Au nom de son père
Mon père, le plus pacifique des hommes, avait obtenu d’être mobilisé comme ambulancier, en première ligne, parce qu’il refusait de tuer. Sur le front de Verdun, justement, il se proposa comme volontaire pour chercher des blessés qui agonisaient. Ces blessés étaient allemands. Il le savait. Il savait aussi qu’il lui faudrait traverser les nappes de gaz, et qu’il devrait à un certain moment enlever son masque, afin de mieux distinguer les corps sur la terre, car c’était la nuit, et on devait agir vite. Il n’hésita pas. Il fit ce qu’il pensait devoir faire. Il revient de « là-bas » les poumons brûlés.

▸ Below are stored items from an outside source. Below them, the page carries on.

lemma exp_i_eq_exp_minus_i_iff:
  fixes m :: complex
  shows "exp (\<i> * m) = exp (- (\<i> * m)) \<longleftrightarrow> (\<exists>n::int. m = of_int n * pi)"
  unfolding exp_eq
proof
  assume "\<exists>n::int. \<i> * m = - (\<i> * m) + of_int (2 * n) * pi * \<i>"
  then obtain n :: int where "\<i> * m = - (\<i> * m) + of_int (2 * n) * pi * \<i>" by blast
  then have "2 * (\<i> * m) = 2 * (\<i> * (of_int n * pi))" by (simp add: algebra_simps)
  then show "\<exists>n::int. m = of_int n * pi" by auto
qed (auto simp: algebra_simps)

lemma exp_i_int_pi:
  assumes "sg = 1 \<or> sg = -1"
  shows "exp (\<i> * sg * (of_int n * pi)) = cos (pi * n)"
proof -
  have euler: "exp (\<i> * of_real x) = of_real (cos x) + \<i> * of_real (sin x)" for x :: real
    by (simp add: cis_conv_exp[symmetric] cis.ctr Complex_eq)
  from assms consider "sg = 1" | "sg = -1" by blast
  then show ?thesis
  proof cases
    case 1
    then show ?thesis using euler[of "pi * n"] by (simp add: mult.commute)
  next
    case 2
    then show ?thesis using euler[of "- (pi * n)"] by (simp add: mult.commute)
  qed
qed

lemma cramer_zero:
  fixes p q u1 w1 u2 w2 :: "'a::field"
  assumes "p * w1 - q * u1 = 0" and "p * w2 - q * u2 = 0" and "u1 * w2 - w1 * u2 \<noteq> 0"
  shows "p = 0" and "q = 0"
proof -
  have "p * (u1 * w2 - w1 * u2) = u1 * (p * w2 - q * u2) - u2 * (p * w1 - q * u1)"
    and "q * (u1 * w2 - w1 * u2) = w1 * (p * w2 - q * u2) - w2 * (p * w1 - q * u1)"
    by (simp_all add: algebra_simps)
  then have "p * (u1 * w2 - w1 * u2) = 0" and "q * (u1 * w2 - w1 * u2) = 0"
    unfolding assms(1,2) by simp_all
  with assms(3) show "p = 0" and "q = 0" by simp_all
qed

lemma lattice_gen_generators: "w1 \<in> lattice_gen w1 w2" "w2 \<in> lattice_gen w1 w2"
proof -
  have "w1 = of_int 1 * w1 + of_int 0 * w2" and "w2 = of_int 0 * w1 + of_int 1 * w2"
    by simp_all
  then show "w1 \<in> lattice_gen w1 w2" "w2 \<in> lattice_gen w1 w2"
    unfolding lattice_gen_def by blast+
qed

lemma Im_mult_cnj_eq_0_if_rotated_real:
  fixes C w1 w2 :: complex
  assumes "C \<noteq> 0" and "Im (C * cnj w1) = 0" and "Im (C * cnj w2) = 0"
  shows "Im (w1 * cnj w2) = 0"
proof -
  have "(cmod C)\<^sup>2 * Im (w1 * cnj w2) = Im (cnj (C * cnj w1) * (C * cnj w2))"
    unfolding cmod_power2 by (simp add: algebra_simps power2_eq_square)
  also have "\<dots> = 0"
    using assms(2,3) by simp
  finally show ?thesis
    using assms(1) by simp
qed

section \<open>The connection in complex coordinates\<close>

text \<open>The system \<open>d(u, w) = \<Omega>(u, w)\<close> evaluated at a tangent vector \<open>v\<close>, where \<open>A\<close>, \<open>B\<close> are
  the coefficients \<open>a\<close>, \<open>b\<close> of \<open>d\<^sup>\<mu>\<close>, \<open>c = cos \<beta>\<close>, \<open>\<sigma> = sin \<beta>\<close>, \<open>db = d\<beta>(v)\<close> and \<open>ds = d\<beta>(i v)\<close>.\<close>

definition conn_u :: "complex \<Rightarrow> complex \<Rightarrow> complex \<Rightarrow> complex \<Rightarrow> complex \<Rightarrow> complex \<Rightarrow> complex \<Rightarrow> complex \<Rightarrow> complex" where
  "conn_u A B c \<sigma> db ds u w =
     (1/4) * (- \<i>*\<sigma>*db*(\<i>*(c*u + \<sigma>*w)*(A-1) + u*B) + (\<i>*c*db + ds)*(-\<i>*(c*w - \<sigma>*u)*(A-1) + w*B))"

definition conn_w :: "complex \<Rightarrow> complex \<Rightarrow> complex \<Rightarrow> complex \<Rightarrow> complex \<Rightarrow> complex \<Rightarrow> complex \<Rightarrow> complex \<Rightarrow> complex" where
  "conn_w A B c \<sigma> db ds u w =
     (1/4) * (\<i>*\<sigma>*db*(-\<i>*(c*w - \<sigma>*u)*(A-1) + w*B) + (\<i>*c*db - ds)*(\<i>*(c*u + \<sigma>*w)*(A-1) + u*B))"

lemma conn_trace_free:
  "conn_u A B c \<sigma> db ds u w * w' + u * conn_w A B c \<sigma> db ds u' w'
     - conn_w A B c \<sigma> db ds u w * u' - w * conn_u A B c \<sigma> db ds u' w' = 0"
  unfolding conn_u_def conn_w_def by (simp add: algebra_simps)

lemma conn_rotated_eigenvector:
  fixes C S s E db ds sg c \<sigma> dm u w :: complex
  assumes cs: "C\<^sup>2 + S\<^sup>2 = 1" and sg: "sg = 1 \<or> sg = -1" and s: "s \<noteq> 0"
    and c: "c = C\<^sup>2 - S\<^sup>2" and \<sigma>: "\<sigma> = 2 * S * C"
    and dm: "dm = (1/4) * (s * (db - \<i> * ds) + (db + \<i> * ds) / s)"
    and u: "u = (C * s - S * sg * \<i>) * E" and w: "w = (S * s + C * sg * \<i>) * E"
  shows "- w * (db/2) + u * (\<i> * sg * dm) = conn_u (mu_a (s\<^sup>2)) (mu_b (s\<^sup>2)) c \<sigma> db ds u w"
    and "u * (db/2) + w * (\<i> * sg * dm) = conn_w (mu_a (s\<^sup>2)) (mu_b (s\<^sup>2)) c \<sigma> db ds u w"
  unfolding c \<sigma> dm u w conn_u_def conn_w_def mu_a_def mu_b_def
  by (rule disjE[OF sg]; simp add: s field_simps; use cs in algebra)+

lemma dprime_rotation:
  fixes c \<sigma> :: real and \<rho> :: "complex \<Rightarrow> real"
  assumes "c\<^sup>2 + \<sigma>\<^sup>2 = 1"
  shows "dprime (\<i> * c, - \<i> * \<sigma>) (\<lambda>v. (- \<i> * \<sigma> * \<rho> v, - \<i> * c * \<rho> v)) v
     = ((1/2) * (- \<i> * \<sigma> * \<rho> v), (1/2) * (- \<i> * c * \<rho> v - \<rho> (\<i> * v)))"
proof -
  have "(complex_of_real c)\<^sup>2 + (complex_of_real \<sigma>)\<^sup>2 = 1"
    by (metis assms of_real_1 of_real_add of_real_power)
  moreover have "\<sigma> * (\<sigma> * X) + c * (c * X) = (c\<^sup>2 + \<sigma>\<^sup>2) * X" for X :: complex
    by (simp add: power2_eq_square algebra_simps)
  ultimately have "X = \<sigma> * (\<sigma> * X) + c * (c * X)" for X :: complex
    by simp
  from this[of "\<rho> (\<i> * v)"] show ?thesis
    unfolding dprime_def qmult_def by (simp add: scaleR_conv_of_real algebra_simps)
qed

lemma connection_term_coords:
  fixes db ds c \<sigma> :: real and x y A B :: complex
  shows "(1/2) *\<^sub>R (((1/2) * (- \<i> * \<sigma> * db), (1/2) * (- \<i> * c * db - ds))
      \<odot> ((\<i> * c, - \<i> * \<sigma>) \<odot> (x, y) \<odot> qc (A - 1) + (x, y) \<odot> qc B))
   = (conn_u A B c \<sigma> db ds x (cnj y), cnj (conn_w A B c \<sigma> db ds x (cnj y)))"
  unfolding qmult_def qc_def conn_u_def conn_w_def
  by (simp add: scaleR_conv_of_real algebra_simps)

lemma hs_beta_add: "hs_beta b (z + \<gamma>) = hs_beta b z + hs_beta b \<gamma>"
  by (simp add: hs_beta_def ip_def algebra_simps)

lemma has_derivative_hs_beta: "(hs_beta b has_derivative hs_beta b) (at z)"
proof -
  have "hs_beta b = (\<lambda>z. 2 * pi * Re (b * cnj z))"
    by (auto simp: hs_beta_def ip_def)
  then show ?thesis
    by (auto intro!: derivative_eq_intros)
qed

lemma hs_N_eq: "hs_N b = (\<lambda>z. (\<i> * cos (hs_beta b z), - \<i> * sin (hs_beta b z)))"
  by (auto simp: hs_N_def qexpj_def qc_def qmult_def)

lemma has_derivative_hs_N:
  "(hs_N b has_derivative
     (\<lambda>v. (- \<i> * sin (hs_beta b z) * hs_beta b v, - \<i> * cos (hs_beta b z) * hs_beta b v))) (at z)"
  unfolding hs_N_eq by (auto intro!: derivative_eq_intros has_derivative_hs_beta simp: algebra_simps)

definition hs_conn_u :: "complex \<Rightarrow> complex \<Rightarrow> complex \<Rightarrow> complex \<Rightarrow> complex \<Rightarrow> complex \<Rightarrow> complex" where
  "hs_conn_u \<mu> b z v u w = conn_u (mu_a \<mu>) (mu_b \<mu>) (cos (hs_beta b z)) (sin (hs_beta b z))
     (hs_beta b v) (hs_beta b (\<i> * v)) u w"

definition hs_conn_w :: "complex \<Rightarrow> complex \<Rightarrow> complex \<Rightarrow> complex \<Rightarrow> complex \<Rightarrow> complex \<Rightarrow> complex" where
  "hs_conn_w \<mu> b z v u w = conn_w (mu_a \<mu>) (mu_b \<mu>) (cos (hs_beta b z)) (sin (hs_beta b z))
     (hs_beta b v) (hs_beta b (\<i> * v)) u w"

section \<open>Explicit solutions of the system\<close>

text \<open>\<open>hs_phase b s\<close> is the phase \<open>\<phi>\<close> for \<open>\<beta>\<^sub>0 = b\<close>, and \<open>(hs_sol_u, hs_sol_w)\<close> are the
  coordinates of \<open>e\<^sub>+\<close> for \<open>sg = 1\<close> and of \<open>e\<^sub>-\<close> for \<open>sg = -1\<close>.\<close>

definition hs_phase :: "complex \<Rightarrow> complex \<Rightarrow> complex \<Rightarrow> complex" where
  "hs_phase b s z = (pi/2) * (s * cnj b * z + (b / s) * cnj z)"

definition hs_sol_u :: "complex \<Rightarrow> complex \<Rightarrow> complex \<Rightarrow> complex \<Rightarrow> complex" where
  "hs_sol_u b s sg z = (of_real (cos (hs_beta b z / 2)) * s - of_real (sin (hs_beta b z / 2)) * sg * \<i>)
     * exp (\<i> * sg * hs_phase b s z)"

definition hs_sol_w :: "complex \<Rightarrow> complex \<Rightarrow> complex \<Rightarrow> complex \<Rightarrow> complex" where
  "hs_sol_w b s sg z = (of_real (sin (hs_beta b z / 2)) * s + of_real (cos (hs_beta b z / 2)) * sg * \<i>)
     * exp (\<i> * sg * hs_phase b s z)"

lemma hs_phase_add: "hs_phase b s (z + \<gamma>) = hs_phase b s z + hs_phase b s \<gamma>"
  by (simp add: hs_phase_def algebra_simps)

lemma has_derivative_hs_phase: "(hs_phase b s has_derivative hs_phase b s) (at z)"
proof -
  have "hs_phase b s = (\<lambda>z. (pi/2 * s * cnj b) * z + (pi/2 * (b/s)) * cnj z)"
    by (auto simp: hs_phase_def algebra_simps)
  moreover have "((\<lambda>z. K1 * z + K2 * cnj z) has_derivative (\<lambda>z. K1 * z + K2 * cnj z)) (at z)"
    for K1 K2 :: complex
    by (auto intro!: derivative_eq_intros)
  ultimately show ?thesis
    by metis
qed

lemma hs_phase_eq: "hs_phase b s v = (1/4) * (s * (hs_beta b v - \<i> * hs_beta b (\<i> * v))
    + (hs_beta b v + \<i> * hs_beta b (\<i> * v)) / s)"
proof -
  have "hs_beta b v + \<i> * hs_beta b (\<i> * v) = 2 * pi * (b * cnj v)"
    and "hs_beta b v - \<i> * hs_beta b (\<i> * v) = 2 * pi * (cnj b * v)"
    by (simp_all add: complex_eq_iff hs_beta_def ip_def algebra_simps)
  then show ?thesis
    by (simp add: hs_phase_def field_simps)
qed

lemma has_derivative_hs_sol:
  assumes s: "s \<noteq> 0" and sg: "sg = 1 \<or> sg = -1"
  shows "(hs_sol_u b s sg has_derivative
            (\<lambda>v. hs_conn_u (s\<^sup>2) b z v (hs_sol_u b s sg z) (hs_sol_w b s sg z))) (at z)"
    and "(hs_sol_w b s sg has_derivative
            (\<lambda>v. hs_conn_w (s\<^sup>2) b z v (hs_sol_u b s sg z) (hs_sol_w b s sg z))) (at z)"
proof -
  define C where "C = complex_of_real (cos (hs_beta b z / 2))"
  define S where "S = complex_of_real (sin (hs_beta b z / 2))"
  define E where "E = exp (\<i> * sg * hs_phase b s z)"
  have cs: "C\<^sup>2 + S\<^sup>2 = 1"
    unfolding C_def S_def by (metis of_real_1 of_real_add of_real_power sin_cos_squared_add2)
  have c: "complex_of_real (cos (hs_beta b z)) = C\<^sup>2 - S\<^sup>2"
    unfolding C_def S_def using cos_double[of "hs_beta b z / 2"] by simp
  have \<sigma>: "complex_of_real (sin (hs_beta b z)) = 2 * S * C"
    unfolding C_def S_def using sin_double[of "hs_beta b z / 2"] by simp
  have u: "hs_sol_u b s sg z = (C * s - S * sg * \<i>) * E"
    and w: "hs_sol_w b s sg z = (S * s + C * sg * \<i>) * E"
    unfolding hs_sol_u_def hs_sol_w_def C_def S_def E_def by simp_all
  note eigen = conn_rotated_eigenvector[OF cs sg s c \<sigma> hs_phase_eq u w]
  have "(hs_sol_u b s sg has_derivative (\<lambda>v. - hs_sol_w b s sg z * (hs_beta b v / 2)
          + hs_sol_u b s sg z * (\<i> * sg * hs_phase b s v))) (at z)"
    unfolding hs_sol_u_def[abs_def] hs_sol_w_def
    by (auto intro!: derivative_eq_intros has_derivative_exp_complex has_derivative_hs_beta
          has_derivative_hs_phase
        simp: algebra_simps)
  then show "(hs_sol_u b s sg has_derivative
            (\<lambda>v. hs_conn_u (s\<^sup>2) b z v (hs_sol_u b s sg z) (hs_sol_w b s sg z))) (at z)"
    by (rule has_derivative_eq_rhs) (simp add: fun_eq_iff hs_conn_u_def flip: eigen(1))
  have "(hs_sol_w b s sg has_derivative (\<lambda>v. hs_sol_u b s sg z * (hs_beta b v / 2)
          + hs_sol_w b s sg z * (\<i> * sg * hs_phase b s v))) (at z)"
    unfolding hs_sol_w_def[abs_def] hs_sol_u_def
    by (auto intro!: derivative_eq_intros has_derivative_exp_complex has_derivative_hs_beta
          has_derivative_hs_phase
        simp: algebra_simps)
  then show "(hs_sol_w b s sg has_derivative
            (\<lambda>v. hs_conn_w (s\<^sup>2) b z v (hs_sol_u b s sg z) (hs_sol_w b s sg z))) (at z)"
    by (rule has_derivative_eq_rhs) (simp add: fun_eq_iff hs_conn_w_def flip: eigen(2))
qed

Après la guerre, pendant plusieurs années, je le vis encore s’affaiblir de jour en jour, souffrir, devenir une ombre.
(...) Ma douleur n’avait d’égale que ma colère contre ceux dont il était la victime. J’étais alors un adolescent furieux et meurtri. « Père, lui dis-je, je te vengerai, sois assuré, je te vengerai des Allemands ». Quand il entendit ces mots, mon père me regarda longuement. Je vis sur son visage une grande tristesse, à laquelle succéda bientôt une sorte de paix. Il me parla comme dans un souffle. « Mon petit, dit-il, mon petit, tu es encore si jeune, je te comprends, mais ce n’est pas ce qu’il te faudra faire… les peuples, les pauvres peuples, vois-tu sont tous des victimes. Tous… Jure-moi plutôt de lutter contre ceux qui les conduisent à la mort… ». Il se tut, sans doute pour reprendre forces, puis il ajouta: «jure-moi aussi de tendre la main aux allemands, par-dessus ma tombe ».
Je crois que ce furent ses derniers mots. Il entrait en agonie. Quelques heures après, il mourut. Dans la cour, des petits écoliers, faisaient une ronde en chantant. Mon père est mort dans une chanson d’enfants. Leur ronde fut sa plus belle couronne.